- _Your objective_:
Please write out exactly the lines of the data below from the line holding "then obtain y" through the line holding "(inv_into A f", and leave out the rest.

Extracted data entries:

- - - -

(* For $k\ge 1$, rectangular reduction gives a bijection $\mathrm{red}:\mathcal M^{\Box}_{2k}\to\mathcal N_k$. In particular $M^\Box_{2k}=N_k$.
   Context: Colorings. Each square is colored water or land. Two distinct squares are adjacent if they share an edge after all edge identifications; a set of squares is connected if its induced adjacency graph is connected (empty set counts as connected). (N1): the water is connected. For an interior (non-boundary) vertex $v$, its square-degree is the number of distinct squares having $v$ as a corner. (N2$\Box$): no interior vertex of square-degree $4$ has all incident squares water. A $2\times k$ Nurikabe rectangle is a coloring of the $2\times k$ grid (no identifications) with connected water and no $2\times 2$ block of water squares; $\mathcal N_k$ is the set of these, $N_k=|\mathcal N_k|$. Tile $[0,n]\times[0,1]$ by unit squares $[j-1,j]\times[0,1]$, called square $j$. The $1\times n$ Möbius strip identifies $(x,1)\sim(n-x,0)$ for $x\in[0,n]$; its boundary is the image of the vertical sides. $\mathcal M^\Box_n$ is the set of colorings of the $1\times n$ Möbius strip satisfying (N1) and (N2$\Box$), $M^\Box_n=|\mathcal M^\Box_n|$. Rectangular reduction: for a coloring of the $1\times 2k$ Möbius strip, $\mathrm{red}$ gives the coloring of the $2\times k$ grid whose column $j$ ($1\le j\le k$) has top square colored as square $j$ and bottom square colored as square $2k+1-j$. *)

theory Defs
  imports Main "HOL-Library.FuncSet"
begin

(* A coloring is a function from squares to bool: True = water, False = land.
   Colorings are extensional (value undefined off the square set), via PiE. *)

definition connected_set :: "('s \<Rightarrow> 's \<Rightarrow> bool) \<Rightarrow> 's set \<Rightarrow> bool" where
  "connected_set adj S \<longleftrightarrow>
     (\<forall>x\<in>S. \<forall>y\<in>S. (x, y) \<in> {(a, b). a \<in> S \<and> b \<in> S \<and> adj a b}\<^sup>*)"

definition water :: "('s \<Rightarrow> bool) \<Rightarrow> 's set \<Rightarrow> 's set" where
  "water c Sq = {s \<in> Sq. c s}"

(* ---------- 2 x k grid: squares (r, j), r = 1 top row, r = 2 bottom row, 1 <= j <= k ---------- *)

definition grid_sq :: "nat \<Rightarrow> (nat \<times> nat) set" where
  "grid_sq k = {1, 2} \<times> {1..k}"

definition grid_adj :: "nat \<times> nat \<Rightarrow> nat \<times> nat \<Rightarrow> bool" where
  "grid_adj p q \<longleftrightarrow>
     (snd p = snd q \<and> fst p \<noteq> fst q) \<or>
     (fst p = fst q \<and> (snd q = snd p + 1 \<or> snd p = snd q + 1))"

definition Nurikabe_rect :: "nat \<Rightarrow> (nat \<times> nat \<Rightarrow> bool) set" where
  "Nurikabe_rect k =
     {c \<in> grid_sq k \<rightarrow>\<^sub>E (UNIV :: bool set).
        connected_set grid_adj (water c (grid_sq k)) \<and>
        \<not> (\<exists>j. 1 \<le> j \<and> j < k \<and> c (1, j) \<and> c (2, j) \<and> c (1, j + 1) \<and> c (2, j + 1))}"

definition N_num :: "nat \<Rightarrow> nat" where
  "N_num k = card (Nurikabe_rect k)"

(* ---------- 1 x n Moebius strip ----------
   Square j = [j-1,j] x [0,1], 1 <= j <= n.  Identification (x,1) ~ (n-x,0).
   Edges after identification: vertical edge at x = i is VE i (these are not identified);
   the horizontal edge [a-1,a] x {0} (bottom of square a) is HE a; the top edge of square j,
   [j-1,j] x {1}, is identified with [n-j, n-j+1] x {0}, i.e. HE (n+1-j).
   Vertices after identification: (i,0) is vertex i, and (i,1) ~ (n-i,0) is vertex n-i.
   Boundary (image of the vertical sides x=0, x=n) contains exactly the vertices 0 and n. *)

datatype medge = VE nat | HE nat

definition mob_sq :: "nat \<Rightarrow> nat set" where
  "mob_sq n = {1..n}"

definition mob_edges :: "nat \<Rightarrow> nat \<Rightarrow> medge set" where
  "mob_edges n j = {VE (j - 1), VE j, HE j, HE (n + 1 - j)}"

definition mob_corners :: "nat \<Rightarrow> nat \<Rightarrow> nat set" where
  "mob_corners n j = {j - 1, j, n - (j - 1), n - j}"

definition mob_adj :: "nat \<Rightarrow> nat \<Rightarrow> nat \<Rightarrow> bool" where
  "mob_adj n a b \<longleftrightarrow> a \<noteq> b \<and> mob_edges n a \<inter> mob_edges n b \<noteq> {}"

definition mob_interior_vertex :: "nat \<Rightarrow> nat \<Rightarrow> bool" where
  "mob_interior_vertex n v \<longleftrightarrow> 0 < v \<and> v < n"

definition mob_squares_at :: "nat \<Rightarrow> nat \<Rightarrow> nat set" where
  "mob_squares_at n v = {j \<in> mob_sq n. v \<in> mob_corners n j}"

definition Mobius_box :: "nat \<Rightarrow> (nat \<Rightarrow> bool) set" where
  "Mobius_box n =
     {c \<in> mob_sq n \<rightarrow>\<^sub>E (UNIV :: bool set).
        connected_set (mob_adj n) (water c (mob_sq n)) \<and>
        (\<forall>v. mob_interior_vertex n v \<and> card (mob_squares_at n v) = 4 \<longrightarrow>
               \<not> (\<forall>j \<in> mob_squares_at n v. c j))}"

definition M_box_num :: "nat \<Rightarrow> nat" where
  "M_box_num n = card (Mobius_box n)"

definition red :: "nat \<Rightarrow> (nat \<Rightarrow> bool) \<Rightarrow> (nat \<times> nat \<Rightarrow> bool)" where
  "red k c = (\<lambda>(r, j). if (r, j) \<in> grid_sq k
                         then (if r = 1 then c j else c (2 * k + 1 - j))
                         else undefined)"

end

theory Submission
  imports Defs
begin

(* Folding the 1 x 2k Moebius strip in half sends square j \<le> k to the top square of
   column j and square 2k+1-j to the bottom square of column j.  This is an isomorphism
   of adjacency graphs: consecutive squares stay adjacent (squares k and k+1 across the
   fold become the two squares of column k), and the glued horizontal edges join exactly
   the squares j and 2k+1-j of one column.  So water connectivity is preserved.  The
   interior vertices v and 2k-v are incident to the same squares, which form the 2 x 2
   block on columns min v (2k-v) and min v (2k-v) + 1; only the fold vertex k has fewer
   than four squares.  Hence (N2) becomes the absence of 2 x 2 water blocks. *)

lemma connected_set_image:
  assumes "connected_set adj W"
    and "\<And>x y. x \<in> W \<Longrightarrow> y \<in> W \<Longrightarrow> adj x y \<Longrightarrow> adj' (f x) (f y)"
  shows "connected_set adj' (f ` W)"
  unfolding connected_set_def
proof (intro ballI)
  let ?E = "{(a, b). a \<in> W \<and> b \<in> W \<and> adj a b}"
  let ?E' = "{(a, b). a \<in> f ` W \<and> b \<in> f ` W \<and> adj' a b}"
  fix a b assume "a \<in> f ` W" "b \<in> f ` W"
  then obtain x y where xy: "x \<in> W" "y \<in> W" "a = f x" "b = f y" by blast
  from assms(1) xy have "(x, y) \<in> ?E\<^sup>*" unfolding connected_set_def by blast
  then have "(f x, f y) \<in> ?E'\<^sup>*"
  proof (induction rule: rtrancl_induct)
    case (step y z)
    then have "(f y, f z) \<in> ?E'" using assms(2) by auto
    with step.IH show ?case by (rule rtrancl_into_rtrancl)
  qed simp
  with xy show "(a, b) \<in> ?E'\<^sup>*" by simp
qed

lemma water_restrict: "water (restrict c A) A = water c A"
  by (auto simp: water_def)

lemma connected_set_water_compose_iff:
  assumes f: "bij_betw f A B"
    and adj: "\<And>x y. x \<in> A \<Longrightarrow> y \<in> A \<Longrightarrow> adj' (f x) (f y) \<longleftrightarrow> adj x y"
  shows "connected_set adj (water (c \<circ> f) A) \<longleftrightarrow> connected_set adj' (water c B)"
proof
  assume conn: "connected_set adj (water (c \<circ> f) A)"
  have "connected_set adj' (f ` water (c \<circ> f) A)"
    using conn by (rule connected_set_image) (simp add: water_def adj)
  moreover have "f ` water (c \<circ> f) A = water c B"
    using f by (auto simp: water_def bij_betw_def)
  ultimately show "connected_set adj' (water c B)" by simp
next
  assume conn: "connected_set adj' (water c B)"
  let ?g = "inv_into A f"
  have g: "?g y \<in> A" "f (?g y) = y" if "y \<in> B" for y
    using f that by (auto simp: bij_betw_def inv_into_into f_inv_into_f)
  have "connected_set adj (?g ` water c B)"
    using conn
  proof (rule connected_set_image)
    fix x y assume "x \<in> water c B" "y \<in> water c B" "adj' x y"
    then show "adj (?g x) (?g y)"
      using adj[of "?g x" "?g y"] g by (simp add: water_def)
  qed
  moreover have "?g ` water c B = water (c \<circ> f) A"
  proof (intro equalityI subsetI)
    fix x assume "x \<in> water (c \<circ> f) A"
    with f have "f x \<in> water c B" "?g (f x) = x"
      by (auto simp: water_def bij_betw_def)
    then show "x \<in> ?g ` water c B" by (metis image_eqI)
  next
    fix x assume "x \<in> ?g ` water c B"
    then obtain y where "y \<in> B" "c y" "x = ?g y" by (auto simp: water_def)
    with g show "x \<in> water (c \<circ> f) A" by (simp add: water_def)
  qed
  ultimately show "connected_set adj (water (c \<circ> f) A)" by simp
qed

lemma bij_betw_restrict_compose_PiE:
  assumes "bij_betw f A B"
  shows "bij_betw (\<lambda>c. restrict (c \<circ> f) A) (B \<rightarrow>\<^sub>E C) (A \<rightarrow>\<^sub>E C)"
proof (rule bij_betw_byWitness[where f' = "\<lambda>d. restrict (d \<circ> inv_into A f) B"])
  have inv: "inv_into A f y \<in> A" "f (inv_into A f y) = y" if "y \<in> B" for y
    using assms that by (auto simp: bij_betw_def inv_into_into f_inv_into_f)
  have f: "f x \<in> B" "inv_into A f (f x) = x" if "x \<in> A" for x
    using assms that by (auto simp: bij_betw_def)
  show "\<forall>c\<in>B \<rightarrow>\<^sub>E C. restrict (restrict (c \<circ> f) A \<circ> inv_into A f) B = c"
    using inv by (auto intro!: PiE_ext)
  show "\<forall>d\<in>A \<rightarrow>\<^sub>E C. restrict (restrict (d \<circ> inv_into A f) B \<circ> f) A = d"
    using f by (auto intro!: PiE_ext)
  show "(\<lambda>c. restrict (c \<circ> f) A) ` (B \<rightarrow>\<^sub>E C) \<subseteq> A \<rightarrow>\<^sub>E C"
    using f by auto
  show "(\<lambda>d. restrict (d \<circ> inv_into A f) B) ` (A \<rightarrow>\<^sub>E C) \<subseteq> B \<rightarrow>\<^sub>E C"
    using inv by auto
qed

lemma bij_betw_subsets:
  assumes "bij_betw f A A'" "B \<subseteq> A" "B' \<subseteq> A'" "\<And>x. x \<in> A \<Longrightarrow> f x \<in> B' \<longleftrightarrow> x \<in> B"
  shows "bij_betw f B B'"
proof (rule bij_betw_subset[OF assms(1,2)])
  show "f ` B = B'"
    using assms by (auto simp: bij_betw_def)
qed

lemma mob_adj_iff:
  assumes "a \<in> mob_sq n" "b \<in> mob_sq n"
  shows "mob_adj n a b \<longleftrightarrow> a \<noteq> b \<and> (a = b + 1 \<or> b = a + 1 \<or> a + b = n + 1)"
  using assms unfolding mob_adj_def mob_edges_def mob_sq_def by auto

lemma mob_squares_at_eq:
  assumes "0 < v" "v < n"
  shows "mob_squares_at n v = {v, v + 1, n + 1 - v, n - v}"
  using assms unfolding mob_squares_at_def mob_sq_def mob_corners_def by auto

lemma card_mob_squares_at_eq_4_iff:
  assumes "0 < v" "v < 2 * k"
  shows "card (mob_squares_at (2 * k) v) = 4 \<longleftrightarrow> v \<noteq> k"
proof (cases "v = k")
  case True
  with assms have "mob_squares_at (2 * k) v = {k, k + 1}"
    by (auto simp: mob_squares_at_eq)
  with True show ?thesis by simp
next
  case False
  with assms show ?thesis by (simp add: mob_squares_at_eq card_insert_if; presburger)
qed

definition unfold_sq :: "nat \<Rightarrow> nat \<times> nat \<Rightarrow> nat" where
  "unfold_sq k p = (if fst p = 1 then snd p else 2 * k + 1 - snd p)"

lemma red_eq: "red k = (\<lambda>c. restrict (c \<circ> unfold_sq k) (grid_sq k))"
  by (intro ext) (auto simp: red_def unfold_sq_def)

lemma bij_betw_unfold_sq: "bij_betw (unfold_sq k) (grid_sq k) (mob_sq (2 * k))"
  by (rule bij_betw_byWitness[where f' = "\<lambda>m. if m \<le> k then (1, m) else (2, 2 * k + 1 - m)"])
     (auto simp: unfold_sq_def grid_sq_def mob_sq_def)

lemma mob_adj_unfold_sq_iff:
  assumes "p \<in> grid_sq k" "q \<in> grid_sq k"
  shows "mob_adj (2 * k) (unfold_sq k p) (unfold_sq k q) \<longleftrightarrow> grid_adj p q"
proof -
  have "unfold_sq k p \<in> mob_sq (2 * k)" "unfold_sq k q \<in> mob_sq (2 * k)"
    using assms bij_betw_unfold_sq by (auto dest: bij_betw_apply)
  with assms show ?thesis
    by (auto simp: mob_adj_iff unfold_sq_def grid_sq_def grid_adj_def)
qed

lemma mob_four_square_vertices_iff:
  "(\<forall>v. mob_interior_vertex (2 * k) v \<and> card (mob_squares_at (2 * k) v) = 4 \<longrightarrow>
        P (mob_squares_at (2 * k) v)) \<longleftrightarrow>
   (\<forall>j. 1 \<le> j \<and> j < k \<longrightarrow> P (mob_squares_at (2 * k) j))"
proof (intro iffI allI impI)
  fix j assume "\<forall>v. mob_interior_vertex (2 * k) v \<and> card (mob_squares_at (2 * k) v) = 4 \<longrightarrow>
      P (mob_squares_at (2 * k) v)" and "1 \<le> j \<and> j < k"
  then show "P (mob_squares_at (2 * k) j)"
    by (simp add: mob_interior_vertex_def card_mob_squares_at_eq_4_iff)
next
  fix v assume half: "\<forall>j. 1 \<le> j \<and> j < k \<longrightarrow> P (mob_squares_at (2 * k) j)"
    and "mob_interior_vertex (2 * k) v \<and> card (mob_squares_at (2 * k) v) = 4"
  then have v: "0 < v" "v < 2 * k" "v \<noteq> k"
    by (auto simp: mob_interior_vertex_def card_mob_squares_at_eq_4_iff)
  define j where "j = min v (2 * k - v)"
  from v have "1 \<le> j" "j < k" by (auto simp: j_def)
  moreover from v have "mob_squares_at (2 * k) j = mob_squares_at (2 * k) v"
    by (auto simp: j_def min_def mob_squares_at_eq)
  ultimately show "P (mob_squares_at (2 * k) v)"
    using half[rule_format, of j] by simp
qed

lemma red_water_block_iff:
  "1 \<le> j \<and> j < k \<and> red k c (1, j) \<and> red k c (2, j) \<and> red k c (1, j + 1) \<and> red k c (2, j + 1) \<longleftrightarrow>
   1 \<le> j \<and> j < k \<and> (\<forall>i \<in> mob_squares_at (2 * k) j. c i)"
  by (auto simp: red_def grid_sq_def mob_squares_at_eq)

lemma red_mem_Nurikabe_rect_iff:
  assumes "c \<in> mob_sq (2 * k) \<rightarrow>\<^sub>E (UNIV :: bool set)"
  shows "red k c \<in> Nurikabe_rect k \<longleftrightarrow> c \<in> Mobius_box (2 * k)"
proof -
  have "red k c \<in> grid_sq k \<rightarrow>\<^sub>E (UNIV :: bool set)"
    by (auto simp: red_def PiE_def extensional_def)
  moreover have "connected_set grid_adj (water (red k c) (grid_sq k)) \<longleftrightarrow>
      connected_set (mob_adj (2 * k)) (water c (mob_sq (2 * k)))"
    unfolding red_eq water_restrict
    by (rule connected_set_water_compose_iff[OF bij_betw_unfold_sq]) (rule mob_adj_unfold_sq_iff)
  moreover have "(\<forall>v. mob_interior_vertex (2 * k) v \<and> card (mob_squares_at (2 * k) v) = 4 \<longrightarrow>
        \<not> (\<forall>j \<in> mob_squares_at (2 * k) v. c j)) \<longleftrightarrow>
      \<not> (\<exists>j. 1 \<le> j \<and> j < k \<and> red k c (1, j) \<and> red k c (2, j) \<and> red k c (1, j + 1) \<and> red k c (2, j + 1))"
    unfolding red_water_block_iff
    using mob_four_square_vertices_iff[where P = "\<lambda>S. \<not> (\<forall>i \<in> S. c i)"] by auto
  ultimately show ?thesis
    using assms unfolding Nurikabe_rect_def Mobius_box_def by (simp only: mem_Collect_eq simp_thms)
qed

theorem lemma4p2:
  fixes k :: nat
  assumes "k \<ge> 1"
  shows "bij_betw (red k) (Mobius_box (2 * k)) (Nurikabe_rect k) \<and>
         M_box_num (2 * k) = N_num k"
proof -
  have "bij_betw (red k) (mob_sq (2 * k) \<rightarrow>\<^sub>E (UNIV :: bool set)) (grid_sq k \<rightarrow>\<^sub>E UNIV)"
    unfolding red_eq by (rule bij_betw_restrict_compose_PiE[OF bij_betw_unfold_sq])
  then have "bij_betw (red k) (Mobius_box (2 * k)) (Nurikabe_rect k)"
  proof (rule bij_betw_subsets)
    show "Mobius_box (2 * k) \<subseteq> mob_sq (2 * k) \<rightarrow>\<^sub>E UNIV"
      by (auto simp: Mobius_box_def)
    show "Nurikabe_rect k \<subseteq> grid_sq k \<rightarrow>\<^sub>E UNIV"
      by (auto simp: Nurikabe_rect_def)
  qed (rule red_mem_Nurikabe_rect_iff)
  then show ?thesis
    unfolding M_box_num_def N_num_def by (simp add: bij_betw_same_card)
qed

end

- - - -

- _Exercise answer_:
    then obtain y where "y \<in> B" "c y" "x = ?g y" by (auto simp: water_def)
    with g show "x \<in> water (c \<circ> f) A" by (simp add: water_def)
  qed
  ultimately show "connected_set adj (water (c \<circ> f) A)" by simp
qed

lemma bij_betw_restrict_compose_PiE:
  assumes "bij_betw f A B"
  shows "bij_betw (\<lambda>c. restrict (c \<circ> f) A) (B \<rightarrow>\<^sub>E C) (A \<rightarrow>\<^sub>E C)"
proof (rule bij_betw_byWitness[where f' = "\<lambda>d. restrict (d \<circ> inv_into A f) B"])
  have inv: "inv_into A f y \<in> A" "f (inv_into A f y) = y" if "y \<in> B" for y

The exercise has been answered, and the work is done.